Always looking for improvements on the below as long as they're all squeezed within 65k (give or take 5k):


Amd Fx-8350
Motherboard 990Fxa-Gd65 or on-par?
4GB x2 RAM kit
2TB x2 HDD
Windows 8 Home Basic?
CM 550w or greater SMPS?
CM Cabinet?
Graphics Card - 280x not available at Nehru Place... need an alternative


Again, Budget 65k... 
Need to fit the best possible graphics card in given the price constraint.

Any help would be greatly appreciated - thank you!



-------------------------------------------------


*1. What is the purpose of the computer? What all applications and games are you going to run? 
Ans: BF4, CoD: Ghosts, next gen games like Watch Dogs, etc

2. What is your overall budget? If you can extend a bit for a more balanced configuration, then mention this too.
65k Max... may be able to stretch by 2-3k

3. Planning to overclock?
Ans: No

4. Which Operating System are you planning to use?
Ans: Windows 8 (standard Edition)

5. How much hard drive space is needed?
Ans: 2TB x 2 drives

6. Do you want to buy a monitor? If yes, please mention which screen size and resolution do you want. If you already have a monitor and want to reuse it, again mention the size and resolution of monitor you have.
Ans: No. Already have a BenQ 2420HD monitor.

7. Which components you DON'T want to buy or which components you already have and plan on reusing?
Ans: Already have my Monitor, KB, Mouse, Speakers

8. When are you planning to buy the system?
Ans: TODAY - nehru place. No option to order components from online

9. Have you ever built a desktop before or will this be done by an assembler?
Ans: Assembler

10. Where do you live? Are you buying locally? Are you open to buying stuff from online shops if you don't get locally?
Ans: Nehru Place - not open to buying from online. Need it today evening if possible.

11. Anything else which you would like to say?
Ans: More than happy to discuss on call, if anyone would like to provide their inputs.

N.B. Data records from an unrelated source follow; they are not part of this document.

(* Let $\chi:VB_n\to M_n$ be the homomorphism with $\chi(\sigma_i)=s_i$, $\chi(\rho_i)=t_i$ ($i=1,\dots,n-1$), and let $\eta_1,\eta_2:M_n\to S_n$ be the homomorphisms with $\eta_1(s_i)=1$, $\eta_1(t_i)=(i\ i{+}1)$, and $\eta_2(s_i)=\eta_2(t_i)=(i\ i{+}1)$. Then: (i) $H_n=\ker(\eta_1\circ\chi)$; (ii) $VP_n=\ker(\eta_2\circ\chi)$; (iii) $H_n\cap VP_n=\ker\chi$.
   Context: The virtual braid group $VB_n$ is the group with generators $\sigma_i,\rho_i$ ($i=1,\dots,n-1$) and defining relations: $\sigma_i\sigma_{i+1}\sigma_i=\sigma_{i+1}\sigma_i\sigma_{i+1}$ ($1\le i\le n-2$); $\sigma_i\sigma_j=\sigma_j\sigma_i$ ($|i-j|\geq 2$); $\rho_i\rho_{i+1}\rho_i=\rho_{i+1}\rho_i\rho_{i+1}$ ($1\le i\le n-2$); $\rho_i\rho_j=\rho_j\rho_i$ ($|i-j|\geq 2$); $\rho_i^2=1$; $\sigma_i\rho_j=\rho_j\sigma_i$ ($|i-j|\geq2$); $\rho_i\rho_{i+1}\sigma_i=\sigma_{i+1}\rho_i\rho_{i+1}$ ($1\le i\le n-2$). $M_n=S_n\rtimes S_n$, where the second factor acts on the first by conjugation; $s_i$ is the transposition $(i\ i{+}1)$ in the first factor and $t_i$ the transposition $(i\ i{+}1)$ in the second factor. $H_n$ is the normal closure of $\langle\sigma_1,\dots,\sigma_{n-1}\rangle$ in $VB_n$. $VP_n$ is the kernel of $\nu:VB_n\to S_n$, $\nu(\sigma_i)=\nu(\rho_i)=(i\ i{+}1)$. The kernel $\ker\chi$ is called the extended pure braid group $EP_n$. *)

theory Defs
  imports "HOL-Algebra.Sym_Groups"
begin

datatype vgen = Sig nat | Rho nat

text \<open>A letter is a generator together with an exponent flag: (False, g) is g, (True, g) is g^-1.\<close>
type_synonym vletter = "bool \<times> vgen"
type_synonym vword = "vletter list"

definition vb_letters :: "nat \<Rightarrow> vletter set" where
  "vb_letters n = {(e, g) | e g i. (g = Sig i \<or> g = Rho i) \<and> 1 \<le> i \<and> i < n}"

fun linv :: "vletter \<Rightarrow> vletter" where
  "linv (e, g) = (\<not> e, g)"

abbreviation sg :: "nat \<Rightarrow> vword" where "sg i \<equiv> [(False, Sig i)]"
abbreviation rh :: "nat \<Rightarrow> vword" where "rh i \<equiv> [(False, Rho i)]"

definition vb_relators :: "nat \<Rightarrow> (vword \<times> vword) set" where
  "vb_relators n =
     {(sg i @ sg (i+1) @ sg i, sg (i+1) @ sg i @ sg (i+1)) | i. 1 \<le> i \<and> i + 1 < n}
   \<union> {(sg i @ sg j, sg j @ sg i) | i j. 1 \<le> i \<and> i < n \<and> 1 \<le> j \<and> j < n \<and> (i + 2 \<le> j \<or> j + 2 \<le> i)}
   \<union> {(rh i @ rh (i+1) @ rh i, rh (i+1) @ rh i @ rh (i+1)) | i. 1 \<le> i \<and> i + 1 < n}
   \<union> {(rh i @ rh j, rh j @ rh i) | i j. 1 \<le> i \<and> i < n \<and> 1 \<le> j \<and> j < n \<and> (i + 2 \<le> j \<or> j + 2 \<le> i)}
   \<union> {(rh i @ rh i, []) | i. 1 \<le> i \<and> i < n}
   \<union> {(sg i @ rh j, rh j @ sg i) | i j. 1 \<le> i \<and> i < n \<and> 1 \<le> j \<and> j < n \<and> (i + 2 \<le> j \<or> j + 2 \<le> i)}
   \<union> {(rh i @ rh (i+1) @ sg i, sg (i+1) @ rh i @ rh (i+1)) | i. 1 \<le> i \<and> i + 1 < n}"

inductive vb_eq :: "nat \<Rightarrow> vword \<Rightarrow> vword \<Rightarrow> bool" for n where
  rel: "(l, r) \<in> vb_relators n \<Longrightarrow> u \<in> lists (vb_letters n) \<Longrightarrow> v \<in> lists (vb_letters n)
        \<Longrightarrow> vb_eq n (u @ l @ v) (u @ r @ v)"
| cancel: "a \<in> vb_letters n \<Longrightarrow> u \<in> lists (vb_letters n) \<Longrightarrow> v \<in> lists (vb_letters n)
        \<Longrightarrow> vb_eq n (u @ [a, linv a] @ v) (u @ v)"
| refl: "w \<in> lists (vb_letters n) \<Longrightarrow> vb_eq n w w"
| sym: "vb_eq n w w' \<Longrightarrow> vb_eq n w' w"
| trans: "vb_eq n w w' \<Longrightarrow> vb_eq n w' w'' \<Longrightarrow> vb_eq n w w''"

definition vb_class :: "nat \<Rightarrow> vword \<Rightarrow> vword set" where
  "vb_class n w = {w'. vb_eq n w w'}"

definition rep :: "vword set \<Rightarrow> vword" where
  "rep X = (SOME w. w \<in> X)"

definition VB :: "nat \<Rightarrow> vword set monoid" where
  "VB n = \<lparr> carrier = vb_class n ` lists (vb_letters n),
            mult = (\<lambda>X Y. vb_class n (rep X @ rep Y)),
            one = vb_class n [] \<rparr>"

definition vsigma :: "nat \<Rightarrow> nat \<Rightarrow> vword set" where
  "vsigma n i = vb_class n (sg i)"

definition normal_closure :: "('a, 'm) monoid_scheme \<Rightarrow> 'a set \<Rightarrow> 'a set" where
  "normal_closure G S = \<Inter> {N. N \<lhd> G \<and> S \<subseteq> N}"

definition H_sub :: "nat \<Rightarrow> vword set set" where
  "H_sub n = normal_closure (VB n) {vsigma n i | i. 1 \<le> i \<and> i < n}"

definition word_eval :: "('a, 'm) monoid_scheme \<Rightarrow> (vgen \<Rightarrow> 'a) \<Rightarrow> vword \<Rightarrow> 'a" where
  "word_eval G f w = foldr (\<lambda>(e, g) acc. mult G (if e then m_inv G (f g) else f g) acc) w (one G)"

definition hom_from_gens :: "nat \<Rightarrow> ('a, 'm) monoid_scheme \<Rightarrow> (vgen \<Rightarrow> 'a) \<Rightarrow> vword set \<Rightarrow> 'a" where
  "hom_from_gens n G f X = word_eval G f (rep X)"

abbreviation tr :: "nat \<Rightarrow> nat \<Rightarrow> nat" where "tr i \<equiv> Transposition.transpose i (i + 1)"

text \<open>M_n = S_n \<rtimes> S_n, second factor acting on the first by conjugation:
  (a, b) (c, d) = (a (b c b^-1), b d).\<close>
definition M :: "nat \<Rightarrow> ((nat \<Rightarrow> nat) \<times> (nat \<Rightarrow> nat)) monoid" where
  "M n = \<lparr> carrier = {(a, b). a permutes {1..n} \<and> b permutes {1..n}},
           mult = (\<lambda>(a, b) (c, d). (a \<circ> (b \<circ> c \<circ> Hilbert_Choice.inv b), b \<circ> d)),
           one = (id, id) \<rparr>"

definition s_el :: "nat \<Rightarrow> (nat \<Rightarrow> nat) \<times> (nat \<Rightarrow> nat)" where "s_el i = (tr i, id)"
definition t_el :: "nat \<Rightarrow> (nat \<Rightarrow> nat) \<times> (nat \<Rightarrow> nat)" where "t_el i = (id, tr i)"

fun chi_gen :: "vgen \<Rightarrow> (nat \<Rightarrow> nat) \<times> (nat \<Rightarrow> nat)" where
  "chi_gen (Sig i) = s_el i"
| "chi_gen (Rho i) = t_el i"

fun nu_gen :: "vgen \<Rightarrow> nat \<Rightarrow> nat" where
  "nu_gen (Sig i) = tr i"
| "nu_gen (Rho i) = tr i"

definition chi :: "nat \<Rightarrow> vword set \<Rightarrow> (nat \<Rightarrow> nat) \<times> (nat \<Rightarrow> nat)" where
  "chi n = hom_from_gens n (M n) chi_gen"

definition nu :: "nat \<Rightarrow> vword set \<Rightarrow> nat \<Rightarrow> nat" where
  "nu n = hom_from_gens n (sym_group n) nu_gen"

text \<open>eta1(s_i) = 1, eta1(t_i) = (i i+1): projection to the second factor.
  eta2(s_i) = eta2(t_i) = (i i+1): (a, b) \<mapsto> a b.\<close>
definition eta1 :: "(nat \<Rightarrow> nat) \<times> (nat \<Rightarrow> nat) \<Rightarrow> nat \<Rightarrow> nat" where
  "eta1 = (\<lambda>(a, b). b)"
definition eta2 :: "(nat \<Rightarrow> nat) \<times> (nat \<Rightarrow> nat) \<Rightarrow> nat \<Rightarrow> nat" where
  "eta2 = (\<lambda>(a, b). a \<circ> b)"
text \<open>Within one run of the first pattern the letter is constant, so inside one flip block of
  the second pattern all matched positions lie in its \<open>a'\<close>-parts or all in its \<open>b'\<close>-parts.\<close>
lemma coord_span_snd_ge_on_run:
  assumes "increasing_pairs ds" "ds \<noteq> []"
    and matched: "\<forall>x\<in>set ds. block_symbol a b M (fst x) = block_symbol a' b' M' (snd x)"
    and block: "\<forall>x\<in>set ds. snd x div M' = k"
    and run: "\<forall>x\<in>set ds. run_index (fst x) = run_index (fst (hd ds))"
  shows "sum_list (map (weight \<circ> snd) ds) - real a' \<le> coord_span snd ds"
proof -
  have sorted: "sorted_wrt (\<lambda>x y. snd x < snd y) ds" by (rule increasing_pairs_sorted_wrt(2)[OF assms(1)])
  define s where "s = block_symbol a b M (fst (hd ds))"
  define \<tau> where "\<tau> = (s = 1 \<longleftrightarrow> even k)"
  have \<tau>: "\<forall>q\<in>snd ` set ds. (q mod (a' + b') < a') = \<tau>"
  proof
    fix q assume "q \<in> snd ` set ds"
    then obtain x where x: "x \<in> set ds" "q = snd x" by blast
    have "block_symbol a b M (fst x) = s"
      unfolding s_def using run x(1) by (intro block_symbol_eq_if_same_run) blast
    then have "block_symbol a' b' M' q = s" using matched x by simp
    moreover have "q div M' = k" using block x by simp
    ultimately show "(q mod (a' + b') < a') = \<tau>"
      unfolding \<tau>_def block_symbol_def by (cases "even k"; cases "q mod (a' + b') < a'") auto
  qed
  have "snd ` set ds \<subseteq> {snd (hd ds)..snd (last ds)}"
    using sorted_wrt_hd_le[OF sorted] sorted_wrt_le_last[OF sorted] by auto
  moreover have "snd (hd ds) \<le> snd (last ds)"
    using sorted_wrt_hd_le[OF sorted, of "last ds"] assms(2) by simp
  ultimately have "(if \<tau> then 1 + c else 3 + c) * real (card (snd ` set ds)) - real a'
      \<le> real (Suc (snd (last ds)) - snd (hd ds))"
    using interval_length_ge_weighted_card[OF a'_pos b'_eq c_nonneg c_small _ _ \<tau>] by blast
  moreover have "card (snd ` set ds) = length ds"
    using distinct_card[OF sorted_wrt_less_distinct[OF sorted]] by simp
  moreover have "sum_list (map (weight \<circ> snd) ds) = (if \<tau> then 1 + c else 3 + c) * real (length ds)"
    using \<tau> by (intro sum_list_map_eq_const) (auto simp: weight_def)
  ultimately show ?thesis
    using coord_span_eq[OF sorted assms(2)] by simp
qed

PM me and i'll pass on my number. Again, as mentioned above, I need this system today, most probably from Nehru Place*


----------



## bssunilreddy (Nov 30, 2013)

First of all answer this template.OK.

*www.thinkdigit.com/forum/pc-compon...new-pc-help-answer-these-questions-first.html


----------



## kiranb28 (Nov 30, 2013)

^ Thanks, done - edited in the main post.


----------



## harshilsharma63 (Nov 30, 2013)

i5 4570 (14000)
Asus H87M-E (9000)
Kingston HyperX Blu 1600 MHz 4 GB x2 (5000)
Seagate Barracuda 2 TB (6100)
Asus R9 280X 3 GB DCII  (24000)
Seasonic S12II 620 W (5800)
Corsair 400R (5300)
Asus optical drive (1050)

total: ~70k

If that's too high, replace the cabinet with Antec GX700


----------



## whitestar_999 (Nov 30, 2013)

look for mass computers systems for antec cabinet.it is situated in the opposite building 1st floor to the floor where computer empire & smc are located(if you are standing in front of computer empire then you can probably see mass computers in the opposite building if you look hard enough).it should costs ~4200 & is the best option at this price.try getting another 2tb hdd later because price should come down a bit next year.


----------



## ASHISH65 (Nov 30, 2013)

harshilsharma63 said:


> i5 4570 (14000)
> Asus H87M-E (9000)
> Kingston HyperX Blu 1600 MHz 4 GB x2 (5000)
> Seagate Barracuda 2 TB (6100)
> ...



+1 for this rig


----------



## whitestar_999 (Nov 30, 2013)

but op also want to buy genuine win 8 which will cost ~8000 at least.


----------



## kiranb28 (Nov 30, 2013)

Thanks guys - i've been on the phone with SMC Intl for the past hour but they have no stock of the 280x.
Tried calling a few other places at Nehru Place and apparently, nobody has the r9 series anywhere (270/280/290).

I was thinking of dropping down to the 760 range but later saw online that the 670 pretty much outperforms it.

Rethinking my overall needs now, ie: I no longer believe the 65k budget can be met.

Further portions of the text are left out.